Problem to solve ▸
The lines from the start of the data through the line with "z2add (z2add (fst" are to be returned verbatim; all later lines are to be omitted.

Records to use ▸
lemma ls_aut_translate: "ls_aut (translate t)"
proof (rule ls_aut_involution[OF translate_translate])
  fix u v :: "z2cube \<times> z2cube"
  have "u \<noteq> v \<longleftrightarrow> translate t u \<noteq> translate t v" using translate_translate by metis
  moreover have "fst (translate t x) = z2add (fst x) (fst t)" "snd (translate t x) = z2add (snd x) (snd t)"
    for x unfolding translate_def by simp_all
  moreover have "z2add (fst (translate t x)) (snd (translate t x)) =
      z2add (z2add (fst x) (snd x)) (z2add (fst t) (snd t))" for x
    unfolding translate_def fst_conv snd_conv by (rule Z2.add_medial) simp_all
  ultimately show "ls_adj (translate t u) (translate t v) = ls_adj u v"
    unfolding ls_adj_iff by (simp only: z2add_right_inj)
qed

definition swap :: "z2cube \<times> z2cube \<Rightarrow> z2cube \<times> z2cube" where
  "swap x = (snd x, fst x)"

lemma ls_aut_swap: "ls_aut swap"
proof (rule ls_aut_involution)
  show inv: "swap (swap x) = x" for x by (simp add: swap_def)
  fix u v :: "z2cube \<times> z2cube"
  have "u \<noteq> v \<longleftrightarrow> swap u \<noteq> swap v" using inv by metis
  moreover have "z2add (snd x) (fst x) = z2add (fst x) (snd x)" for x
    by (rule Z2.add_comm) simp_all
  ultimately show "ls_adj (swap u) (swap v) = ls_adj u v"
    unfolding ls_adj_iff by (auto simp: swap_def)
qed

definition shear :: "z2cube \<times> z2cube \<Rightarrow> z2cube \<times> z2cube" where
  "shear x = (fst x, z2add (fst x) (snd x))"

lemma ls_aut_shear: "ls_aut shear"
proof (rule ls_aut_involution)
  show inv: "shear (shear x) = x" for x unfolding shear_def by (simp add: Z2.add_cancel_left)
  fix u v :: "z2cube \<times> z2cube"
  have "u \<noteq> v \<longleftrightarrow> shear u \<noteq> shear v" using inv by metis
  moreover have "fst (shear x) = fst x" "snd (shear x) = z2add (fst x) (snd x)"
    "z2add (fst (shear x)) (snd (shear x)) = snd x" for x
    unfolding shear_def by (simp_all add: Z2.add_cancel_left)
  ultimately show "ls_adj (shear u) (shear v) = ls_adj u v"
    unfolding ls_adj_iff by (simp only:) blast
qed

definition diag :: "(z2cube \<Rightarrow> z2cube) \<Rightarrow> z2cube \<times> z2cube \<Rightarrow> z2cube \<times> z2cube" where
  "diag f x = (f (fst x), f (snd x))"

lemma ls_aut_diag:
  assumes inj: "inj f" and add: "\<And>x y. f (z2add x y) = z2add (f x) (f y)"
  shows "ls_aut (diag f)"
  unfolding graph_aut_def
proof (intro conjI ballI)
  have inj_diag: "inj (diag f)" by (intro injI prod_eqI) (simp_all add: diag_def inj_eq[OF inj])
  then show "bij_betw (diag f) UNIV UNIV"
    using finite_UNIV_inj_surj[of "diag f"] by (simp add: bij_def)
  fix u v :: "z2cube \<times> z2cube"
  have "u \<noteq> v \<longleftrightarrow> diag f u \<noteq> diag f v" using inj_eq[OF inj_diag] by simp
  moreover have "fst (diag f x) = f (fst x)" "snd (diag f x) = f (snd x)" for x
    unfolding diag_def by simp_all
  ultimately show "ls_adj (diag f u) (diag f v) = ls_adj u v"
    unfolding ls_adj_iff using add[symmetric] inj_eq[OF inj] by simp
qed

lemma ls_aut_comb:
  "Z2.independent3 a b c \<Longrightarrow> ls_aut (diag (Z2.comb a b c))"
  by (rule ls_aut_diag[OF Z2.comb_inj Z2.comb_add]) simp_all

lemma diag_comb_values:
  "diag (Z2.comb a b c) origin = origin" "diag (Z2.comb a b c) r1 = (z2zero, a)"
  "diag (Z2.comb a b c) r2 = (a, b)"
  unfolding diag_def r1_def r2_def e1_def e2_def z2zero_def using Z2.comb_values[of a b c]
  by (simp_all add: z2zero_def)

lemma z2_card_gt_4: "4 < card (UNIV :: z2cube set)"
  using card_z2cube by simp

lemma exists_independent:
  assumes "a \<noteq> z2zero" shows "\<exists>b c. Z2.independent3 a b c"
proof -
  have "\<not> UNIV \<subseteq> {z2zero, a}"
    using card_mono[of "{z2zero, a}" UNIV] card_length[of "[z2zero, a]"] card_z2cube by auto
  then obtain b where "b \<notin> {z2zero, a}" by blast
  then show ?thesis using Z2.extend_independent[OF z2_card_gt_4 UNIV_I assms UNIV_I] by blast
qed

lemma stabiliser_orbits:
  assumes v: "v \<noteq> origin"
  shows "\<exists>h. ls_aut h \<and> h origin = origin \<and> (v = h r1 \<or> v = h r2)"
proof -
  obtain a b where ab: "v = (a, b)" by (cases v)
  have fix_origin: "swap origin = origin" "shear origin = origin"
    unfolding swap_def shear_def by (simp_all add: Z2.add_self)
  consider "a = z2zero" | "b = z2zero" "a \<noteq> z2zero" | "a = b" "a \<noteq> z2zero"
    | "a \<noteq> z2zero" "b \<notin> {z2zero, a}" by blast
  then show ?thesis
  proof cases
    case 1
    then obtain c d where "Z2.independent3 b c d" using v ab exists_independent by blast
    then show ?thesis using ls_aut_comb diag_comb_values ab 1 by metis
  next
    case 2
    then obtain c d where ind: "Z2.independent3 a c d" using exists_independent by blast
    let ?h = "swap \<circ> diag (Z2.comb a c d)"
    have "?h origin = origin" "?h r1 = v"
      using diag_comb_values fix_origin 2 ab by (simp_all add: swap_def)
    then show ?thesis using graph_aut_comp[OF ls_aut_swap ls_aut_comb[OF ind]] by blast
  next
    case 3
    then obtain c d where ind: "Z2.independent3 a c d" using exists_independent by blast
    let ?h = "shear \<circ> swap \<circ> diag (Z2.comb a c d)"
    have "?h origin = origin" "?h r1 = v"
      using diag_comb_values fix_origin 3 ab by (simp_all add: swap_def shear_def Z2.add_zero)
    then show ?thesis
      using graph_aut_comp[OF graph_aut_comp[OF ls_aut_shear ls_aut_swap] ls_aut_comb[OF ind]] by blast
  next
    case 4
    then obtain c where "Z2.independent3 a b c"
      using Z2.extend_independent[OF z2_card_gt_4 UNIV_I _ UNIV_I] by blast
    then show ?thesis using ls_aut_comb diag_comb_values ab by metis
  qed
qed

lemma realizes_all_enum:
  "realizes_all (UNIV :: 'a::enum set) E u v w \<longleftrightarrow>
     list_all (\<lambda>(p, q, r). list_ex (\<lambda>z. z \<noteq> u \<and> z \<noteq> v \<and> z \<noteq> w \<and> E z u = p \<and> E z v = q \<and> E z w = r)
       Enum.enum) (Enum.enum :: (bool \<times> bool \<times> bool) list)"
  unfolding realizes_all_def list_all_iff list_ex_iff enum_UNIV by auto

lemma representatives_realize_all:
  assumes "r \<in> {r1, r2}" "w \<notin> {origin, r}"
  shows "realizes_all UNIV ls_adj origin r w"
proof -
  have "list_all (\<lambda>w. w = origin \<or> w = r \<or> realizes_all UNIV ls_adj origin r w) Enum.enum"
    using assms(1) unfolding realizes_all_enum r1_def r2_def e1_def e2_def z2zero_def
    by safe code_simp+
  then show ?thesis using assms(2) unfolding list_all_iff enum_UNIV by blast
qed

text \<open>Second part of the main theorem.  Given three distinct vertices, translate the first to
  the origin and move the second to r1 or r2 by the stabiliser; the third is then covered by
  the computation.\<close>
theorem ls_graph_3ec: "n_ec (UNIV :: (z2cube \<times> z2cube) set) ls_adj 3"
  unfolding n_ec_3_iff
proof (intro ballI impI)
  fix u v w :: "z2cube \<times> z2cube" assume d: "u \<noteq> v \<and> u \<noteq> w \<and> v \<noteq> w"
  let ?t = "translate u"
  have inj_t: "inj ?t" using translate_translate by (metis injI)
  obtain h where h: "ls_aut h" "h origin = origin" and r: "?t v = h r1 \<or> ?t v = h r2"
    using stabiliser_orbits[of "?t v"] d translate_self inj_eq[OF inj_t] by metis
  then obtain r where r: "r \<in> {r1, r2}" "?t v = h r" by blast
  obtain w' where w': "h w' = ?t w" using h(1) unfolding graph_aut_def by (metis bij_betw_def UNIV_I imageE)
  have "?t w \<noteq> ?t u" "?t w \<noteq> ?t v" using d inj_eq[OF inj_t] by auto
  then have "w' \<notin> {origin, r}" using w' r(2) h(2) translate_self[of u] by auto
  then have "realizes_all UNIV ls_adj (h origin) (h r) (h w')"
    using realizes_all_aut[OF h(1)] representatives_realize_all[OF r(1)] by blast
  then have "realizes_all UNIV ls_adj (?t (?t u)) (?t (?t v)) (?t (?t w))"
    using realizes_all_aut[OF ls_aut_translate] h(2) r(2) w' translate_self by simp
  then show "realizes_all UNIV ls_adj u v w" by (simp add: translate_translate)
qed

theorem mainTheorem9:
  shows "(\<exists>L. partial_geometry (UNIV :: (z2cube \<times> z2cube) set) L 7 2 2
              \<and> (\<forall>u v. point_adj L u v \<longleftrightarrow> ls_adj u v))
         \<and> n_ec (UNIV :: (z2cube \<times> z2cube) set) ls_adj 3
         \<and> (\<forall>(P :: 'p set) L s. s \<ge> 2 \<and> partial_geometry P L s 2 2 \<and> n_ec P (point_adj L) 3
              \<longrightarrow> s = 7 \<and> graph_iso P (point_adj L) (UNIV :: (z2cube \<times> z2cube) set) ls_adj)"
proof -
  have "\<forall>(P :: 'p set) L s. s \<ge> 2 \<and> partial_geometry P L s 2 2 \<and> n_ec P (point_adj L) 3
          \<longrightarrow> s = 7 \<and> graph_iso P (point_adj L) (UNIV :: (z2cube \<times> z2cube) set) ls_adj"
    using pg22.pg22_classification unfolding pg22_def by blast
  then show ?thesis using z2_geometry ls_adj_point_adj ls_graph_3ec by blast
qed

end
text \<open>delta_k: the continuous Q((T))-linear derivation d/d zeta_a(k), acting coefficientwise.
  All series occurring here are power series in T.\<close>
definition delta :: "nat \<Rightarrow> mpol fps \<Rightarrow> mpol fps" where
  "delta k f = Abs_fps (\<lambda>j. mpartial k (fps_nth f j))"

definition Ha :: "nat \<Rightarrow> mpol fps" where
  "Ha n = Abs_fps (\<lambda>j. if j = 0 then 0
      else (-1) ^ n * of_nat ((n + j - 1) choose (n - 1)) * zeta_a (n + j))"

function Ha1 :: "nat \<Rightarrow> mpol fps" where
  "Ha1 n = (if n = 0 then 1
     else fps_const (mconst (1 / of_nat n)) *
       (\<Sum>i\<in>{1..n}. (-1) ^ (i - 1) * Ha i * Ha1 (n - i)))"
  by auto
termination
  by (relation "measure id") auto

declare Ha1.simps [simp del]

text \<open>c_n = n sum_{j>=0} (n-1)^j T^j H_a(1^j); coefficient of T^m.\<close>
definition ca :: "nat \<Rightarrow> mpol fps" where
  "ca n = Abs_fps (\<lambda>m. of_nat n * (\<Sum>j\<le>m. of_nat ((n - 1) ^ j) * (fps_nth (Ha1 j) (m - j))))"

text \<open>binom(ap, bp)_a = (c_a ... c_{a-b+1}) / (c_b ... c_1).  The denominator has
  invertible constant term b!, so the quotient is the product with its power series inverse.\<close>
definition binom_a :: "nat \<Rightarrow> nat \<Rightarrow> mpol fps" where
  "binom_a a b = (let D = (\<Prod>i\<in>{1..b}. ca i) in
     (\<Prod>i\<in>{a - b + 1..a}. ca i) * fps_right_inverse D (mconst (1 / of_nat (fact b))))"

end

theory Submission
  imports Defs
begin

text \<open>Since \<open>\<delta>\<^sub>k\<close> is a derivation, it suffices to show that each \<open>c\<^sub>n\<close> is an eigenvector:
  \<open>\<delta>\<^sub>k c\<^sub>n = -(T\<^sup>k/k)(n\<^sup>k - 1 - (n-1)\<^sup>k) c\<^sub>n\<close>; the eigenvalues then add up along the products
  in \<open>binom(ap,bp)\<close> and telescope.  Newton's identity defining \<open>H(1\<^sup>j)\<close> turns \<open>\<delta>\<^sub>k H(1\<^sup>j)\<close>
  into the convolution \<open>\<Sum>\<^sub>l d\<^sub>l H(1\<^sup>j\<^sup>-\<^sup>l)\<close> with \<open>d\<^sub>l = -(k-1 choose l-1)/l \<cdot> T\<^sup>k\<^sup>-\<^sup>l\<close>
  (\<open>l < k\<close>), because \<open>H(l)\<close> contains \<open>\<zeta>(k)\<close> only in its coefficient of \<open>T\<^sup>k\<^sup>-\<^sup>l\<close>.  Hence
  \<open>\<delta>\<^sub>k c\<^sub>n = (\<Sum>\<^sub>l d\<^sub>l (n-1)\<^sup>l T\<^sup>l) c\<^sub>n\<close>, and the binomial theorem evaluates the bracket.\<close>

section \<open>Partial derivatives of polynomials\<close>

lemma poly_mapping_sum_single:
  "(p :: 'a \<Rightarrow>\<^sub>0 'b::comm_monoid_add) =
     (\<Sum>m\<in>Poly_Mapping.keys p. Poly_Mapping.single m (Poly_Mapping.lookup p m))"
proof (rule poly_mapping_eqI)
  fix k
  have "Poly_Mapping.lookup (\<Sum>m\<in>Poly_Mapping.keys p. Poly_Mapping.single m (Poly_Mapping.lookup p m)) k
      = (\<Sum>m\<in>Poly_Mapping.keys p. (Poly_Mapping.lookup p m when m = k))"
    by (simp add: lookup_sum lookup_single when_def eq_commute)
  also have "\<dots> = Poly_Mapping.lookup p k"
    by (cases "k \<in> Poly_Mapping.keys p") (auto simp: when_def in_keys_iff)
  finally show "Poly_Mapping.lookup p k =
      Poly_Mapping.lookup (\<Sum>m\<in>Poly_Mapping.keys p. Poly_Mapping.single m (Poly_Mapping.lookup p m)) k"
    by simp
qed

Output of the task ▸
lemma ls_aut_translate: "ls_aut (translate t)"
proof (rule ls_aut_involution[OF translate_translate])
  fix u v :: "z2cube \<times> z2cube"
  have "u \<noteq> v \<longleftrightarrow> translate t u \<noteq> translate t v" using translate_translate by metis
  moreover have "fst (translate t x) = z2add (fst x) (fst t)" "snd (translate t x) = z2add (snd x) (snd t)"
    for x unfolding translate_def by simp_all
  moreover have "z2add (fst (translate t x)) (snd (translate t x)) =
      z2add (z2add (fst x) (snd x)) (z2add (fst t) (snd t))" for x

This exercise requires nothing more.